An electrical technician requires a capacitance of 2 μF in a circuit across a potential difference of 1 kV. A large number of 1 μF capacitors are available to him each of which can withstand a potential difference of not more than 400 V. Suggest a possible arrangement that requires the minimum number of capacitors.

Here we have,
Total required capacitance, C = 2$\mathrm{\mu F}$ 
Potential difference applied across the circuit, V =1 kV= 1000 V
Capacitance of each capacitor, C₁ = 1$\mathrm{\mu F}$ 
Maximum Potential difference applied across each capacitor, V₁ = 400 V 

Let, the possible arrangement of circuit be such that n capacitors of 1$\mathrm{\mu F}$ each, be connected in series in a row and m such rows be connected in parallel.

Therefore, total number of capacitors-N = m x n

Since the potential in each row is 1000 V, the number of capacitors in each row of series arrangement is 
              
                     $$\begin{gathered} \frac{1000}{\mathrm{n}} = 400 \\ \mathrm{n} = 2.5 \end{gathered}$$

Since, the number of capacitors cannot be in fraction, therefore, we take n=3.

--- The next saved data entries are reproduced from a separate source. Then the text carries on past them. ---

(*
  Let q = |F|. In characteristic 2 a finite field has 2-power order, so the hypotheses force
  odd characteristic. If x is scalar its centralizer is all of SL(2,q), of order q(q-1)(q+1).
  Otherwise the centralizer of x consists of the matrices a I + b x of determinant
  a^2 + t a b + b^2 = 1, where t is the trace of x. A 2-element of trace 2e with e = +-1
  has the form e (I + N) with N^2 = 0; since 2^k is invertible, x^(2^k) = I forces N = 0
  and x is scalar. Hence t^2 <> 4, and completing the square turns the conic into
  u^2 - d b^2 = 1 with d <> 0, which has q - 1 points if d is a square and q + 1 otherwise.
*)

lemma card_subgroup_times_two_power:
  fixes S :: "'a::{ab_group_add,finite} set"
  assumes add_self: "\<And>x::'a. x + x = 0"
    and "0 \<in> S" and "\<And>x y. x \<in> S \<Longrightarrow> y \<in> S \<Longrightarrow> x + y \<in> S"
  shows "\<exists>k. card S * 2 ^ k = CARD('a)"
  using assms(2,3)
proof (induction "card (- S)" arbitrary: S rule: less_induct)
  case less
  show ?case
  proof (cases "S = UNIV")
    case True
    then show ?thesis by (intro exI[of _ 0]) simp
  next
    case False
    then obtain a where a: "a \<notin> S" by blast
    define S' where "S' = S \<union> (+) a ` S"
    have "0 \<in> S'" using less.prems(1) by (simp add: S'_def)
    moreover have "x + y \<in> S'" if "x \<in> S'" "y \<in> S'" for x y
    proof -
      have "a + a + z = z" for z using add_self[of a] by simp
      then show ?thesis
        using that less.prems(2) unfolding S'_def by (auto simp: ac_simps)
    qed
    moreover have "card (- S') < card (- S)"
    proof (rule psubset_card_mono)
      have "a \<in> S'" using less.prems(1) by (force simp: S'_def)
      then show "- S' \<subset> - S" using a by (auto simp: S'_def)
    qed simp
    ultimately obtain k where k: "card S' * 2 ^ k = CARD('a)"
      using less.hyps by blast
    have "S \<inter> (+) a ` S = {}"
    proof (rule ccontr)
      assume "S \<inter> (+) a ` S \<noteq> {}"
      then obtain s where "s \<in> S" "a + s \<in> S" by blast
      then have "(a + s) + s \<in> S" using less.prems(2) by blast
      then show False using a add_self[of s] by (simp add: add.assoc)
    qed
    then have "card S' = 2 * card S"
      by (simp add: S'_def card_Un_disjoint card_image)
    with k show ?thesis by (intro exI[of _ "Suc k"]) (simp add: ac_simps)
  qed
qed

lemma card_two_power_if_char_two:
  assumes "(2::'a::{field,finite}) = 0"
  shows "\<exists>k. CARD('a) = 2 ^ k"
proof -
  have "x + x = 0" for x :: 'a
    using assms by (metis mult_2 mult_zero_left)
  from card_subgroup_times_two_power[of "{0}", OF this] show ?thesis
    by (auto intro: sym)
qed

definition mat2 :: "'a \<Rightarrow> 'a \<Rightarrow> 'a \<Rightarrow> 'a \<Rightarrow> 'a^2^2" where
  "mat2 a b c d = (\<chi> i j. if i = 1 then (if j = 1 then a else b) else (if j = 1 then c else d))"

lemma mat2_nth [simp]:
  "mat2 a b c d $ 1 $ 1 = a" "mat2 a b c d $ 1 $ 2 = b"
  "mat2 a b c d $ 2 $ 1 = c" "mat2 a b c d $ 2 $ 2 = d"
  by (simp_all add: mat2_def)

lemma mat2_entries: "mat2 (A$1$1) (A$1$2) (A$2$1) (A$2$2) = A"
  by (simp add: vec_eq_iff forall_2)

lemma mat2_cases:
  obtains a b c d where "A = mat2 a b c d"
  by (metis mat2_entries)

lemma mat2_eq_iff [simp]:
  "mat2 a b c d = mat2 a' b' c' d' \<longleftrightarrow> a = a' \<and> b = b' \<and> c = c' \<and> d = d'"
  by (metis mat2_nth)

lemma mat2_mult [simp]:
  fixes a :: "'a::semiring_1"
  shows "mat2 a b c d ** mat2 e f g h = mat2 (a*e + b*g) (a*f + b*h) (c*e + d*g) (c*f + d*h)"
  by (simp add: vec_eq_iff forall_2 matrix_matrix_mult_def sum_2)

lemma det_mat2 [simp]: "det (mat2 a b c d) = a*d - b*c"
  by (simp add: det_2)

lemma trace_mat2 [simp]: "trace (mat2 a b c (d::'a::semiring_1)) = a + d"
  by (simp add: trace_def sum_2)

lemma mat_eq_mat2: "(mat c :: 'a::zero^2^2) = mat2 c 0 0 c"
  by (simp add: vec_eq_iff forall_2 mat_def)

lemma card_det_eq_one_row:
  fixes a b :: "'a::{field,finite}"
  assumes "(a, b) \<noteq> (0, 0)"
  shows "card {(c, d). a*d - b*c = 1} = CARD('a)"
proof (cases "a = 0")
  case True
  with assms have "b \<noteq> 0" by simp
  with True have "{(c, d). a*d - b*c = 1} = {-1/b} \<times> UNIV"
    by (auto simp: field_simps minus_equation_iff[of _ 1])
  then show ?thesis by (simp add: card_cartesian_product)
next
  case False
  then have "{(c, d). a*d - b*c = 1} = (\<lambda>c. (c, (1 + b*c)/a)) ` UNIV"
    by (auto simp: field_simps)
  moreover have "inj (\<lambda>c. (c, (1 + b*c)/a))"
    by (rule injI) simp
  ultimately show ?thesis
    by (metis card_image)
qed

lemma card_SL2:
  "card (SL2 :: ('a::{field,finite}^2^2) set) = CARD('a) * (CARD('a) - 1) * (CARD('a) + 1)"
proof -
  let ?q = "CARD('a)"
  let ?rows = "UNIV - {(0, 0)} :: ('a \<times> 'a) set"
  let ?M = "SIGMA (a, b):?rows. {(c, d). a*d - b*c = 1}"
  let ?f = "\<lambda>((a, b), c, d). mat2 a b c d"
  have SL2_eq: "SL2 = ?f ` ?M"
  proof (intro equalityI subsetI)
    fix A :: "'a^2^2"
    assume "A \<in> SL2"
    moreover obtain a b c d where A: "A = mat2 a b c d" by (rule mat2_cases)
    ultimately have "a*d - b*c = 1" by (simp add: SL2_def)
    then show "A \<in> ?f ` ?M"
      unfolding A by (intro image_eqI[of _ _ "((a, b), c, d)"]) auto
  next
    fix A
    assume "A \<in> ?f ` ?M"
    then obtain a b c d where "A = mat2 a b c d" "a*d - b*c = 1" by auto
    then show "A \<in> SL2" by (simp add: SL2_def)
  qed
  have "inj_on ?f ?M"
    by (auto intro: inj_onI)
  then have "card (SL2 :: ('a^2^2) set) = card ?M"
    unfolding SL2_eq by (rule card_image)
  also have "\<dots> = (\<Sum>r\<in>?rows. ?q)"
  proof -
    have "card ((\<lambda>(a, b). {(c, d). a*d - b*c = 1}) r) = ?q" if "r \<in> ?rows" for r
      using that card_det_eq_one_row by (cases r) auto
    then show ?thesis by (simp add: card_SigmaI)
  qed
  also have "\<dots> = (?q * ?q - 1) * ?q"
    by (simp add: card_Diff_singleton card_cartesian_product flip: UNIV_Times_UNIV)
  also have "\<dots> = ?q * (?q - 1) * (?q + 1)"
    by (simp add: algebra_simps)
  finally show ?thesis .
qed

lemma card_mult_eq_one: "card {(u, v). u * v = (1::'a::{field,finite})} = CARD('a) - 1"
proof -
  have "{(u, v). u * v = (1::'a)} = (\<lambda>u. (u, 1/u)) ` (UNIV - {0})"
    by (auto simp: image_iff field_simps)
  moreover have "inj (\<lambda>u::'a. (u, 1/u))"
    by (rule injI) simp
  ultimately show ?thesis
    by (simp add: card_image inj_on_subset card_Diff_singleton)
qed

lemma card_conic_square:
  fixes e :: "'a::{field,finite}"
  assumes two: "(2::'a) \<noteq> 0" and "e \<noteq> 0"
  shows "card {(u, b). u^2 - e^2 * b^2 = (1::'a)} = CARD('a) - 1"
proof -
  have four: "(4::'a) \<noteq> 0" using two by (metis mult_2 mult_eq_0_iff numeral_Bit0)
  let ?f = "\<lambda>(u, b). (u - e*b, u + e*b)"
  let ?g = "\<lambda>(s, t). ((s + t)/2, (t - s)/(2*e))"
  have "bij_betw ?f {(u, b). u^2 - e^2 * b^2 = 1} {(s, t). s * t = 1}"
  proof (rule bij_betwI[where g = ?g])
    show "?f \<in> {(u, b). u^2 - e^2 * b^2 = 1} \<rightarrow> {(s, t). s * t = 1}"
      by (auto simp: power2_eq_square algebra_simps)
    show "?g \<in> {(s, t). s * t = 1} \<rightarrow> {(u, b). u^2 - e^2 * b^2 = 1}"
      using assms four by (auto simp: power2_eq_square field_simps)
    show "?g (?f x) = x" for x
      using assms four by (cases x) (auto simp: field_simps)
    show "?f (?g y) = y" for y
      using assms four by (cases y) (auto simp: field_simps)
  qed
  then show ?thesis
    by (simp add: bij_betw_same_card card_mult_eq_one)
qed

(* Inverse of the projection (u, b) \<mapsto> d b / (u - 1) of the conic u^2 - d b^2 = 1 from its point (1, 0). *)
definition conic_param :: "'a::field \<Rightarrow> 'a \<Rightarrow> 'a \<times> 'a" where
  "conic_param d m = ((m^2 + d)/(m^2 - d), 2*m/(m^2 - d))"

lemma range_conic_param:
  fixes d :: "'a::field"
  assumes two: "(2::'a) \<noteq> 0" and nonsquare: "\<forall>e. e^2 \<noteq> d"
  shows "range (conic_param d) = {(u, b). u^2 - d * b^2 = 1} - {(1, 0)}"
proof (intro equalityI subsetI)
  have "d \<noteq> 0" using nonsquare by (metis zero_power2)
  fix y
  assume "y \<in> range (conic_param d)"
  then obtain m where y: "y = conic_param d m" by blast
  have nz: "m^2 - d \<noteq> 0" using nonsquare by auto
  have "((m^2 + d)/(m^2 - d))^2 - d * (2*m/(m^2 - d))^2 = ((m^2 + d)^2 - d * (2*m)^2)/(m^2 - d)^2"
    by (simp add: power_divide diff_divide_distrib)
  also have "(m^2 + d)^2 - d * (2*m)^2 = (m^2 - d)^2"
    by (simp add: algebra_simps power2_eq_square)
  finally have "((m^2 + d)/(m^2 - d))^2 - d * (2*m/(m^2 - d))^2 = 1"
    using nz by simp
  moreover have "(m^2 + d)/(m^2 - d) \<noteq> 1"
    using nz \<open>d \<noteq> 0\<close> two by (simp add: field_simps)
  ultimately show "y \<in> {(u, b). u^2 - d * b^2 = 1} - {(1, 0)}"
    unfolding y conic_param_def by blast
next
  fix y
  assume y_mem: "y \<in> {(u, b). u^2 - d * b^2 = 1} - {(1, 0)}"
  obtain u b where y: "y = (u, b)" by fastforce
  from y_mem y have C: "u^2 - d * b^2 = 1" and "(u, b) \<noteq> (1, 0)" by auto
  have "u \<noteq> 1"
  proof
    assume "u = 1"
    with C have "d * b^2 = 0" by simp
    with nonsquare have "b = 0" by (metis zero_power2 mult_eq_0_iff power_eq_0_iff)
    with \<open>u = 1\<close> \<open>(u, b) \<noteq> (1, 0)\<close> show False by simp
  qed
  define m where "m = d*b/(u - 1)"
  have "m * (u - 1) = d * b"
    using \<open>u \<noteq> 1\<close> by (simp add: m_def)
  with C have "(m^2 + d - u * (m^2 - d)) * (u - 1) = 0" and "(2*m - b * (m^2 - d)) * (u - 1) = 0"
    by algebra+
  with \<open>u \<noteq> 1\<close> have "m^2 + d = u * (m^2 - d)" and "2*m = b * (m^2 - d)"
    by simp_all
  moreover have "m^2 - d \<noteq> 0" using nonsquare by auto
  ultimately have "conic_param d m = y"
    by (simp add: y conic_param_def field_simps)
  then show "y \<in> range (conic_param d)" by (metis rangeI)
qed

Now, the capacitance of n capacitors in series, in m such rows is

$$\begin{gathered} \frac{1}{{\mathrm{C}}_{\mathrm{s}}} = \left[\frac{1}{\mathrm{n}}+\frac{1}{\mathrm{n}}+...\mathrm{n} \mathrm{lines}\right] = \mathrm{m} \\ {\mathrm{C}}_{\mathrm{s}} = \frac{1}{\mathrm{n}}\mathrm{\mu F} \end{gathered}$$

So, the resultant capacitance of all capacitors is equal to
 
$\frac{1}{\mathrm{n}}+\frac{1}{\mathrm{n}}+\frac{1}{\mathrm{n}}....+\mathrm{m} \mathrm{terms} = 2$$\mathrm{\mu F}$
                           $\frac{\mathrm{m}}{\mathrm{n}}=2$ $\mathrm{\mu F}$
                     
                            $$\begin{gathered} \frac{\mathrm{m}}{3}=2 \\ \mathrm{m} = 6 \mathrm{rows} \\ \mathrm{n} = 6 \times 3 = 18 \end{gathered}$$

Hence, 1$\mathrm{\mu F}$ capacitor each,  should be connected in 6 parallel rows, where,  each row contains 3 capacitors each in series.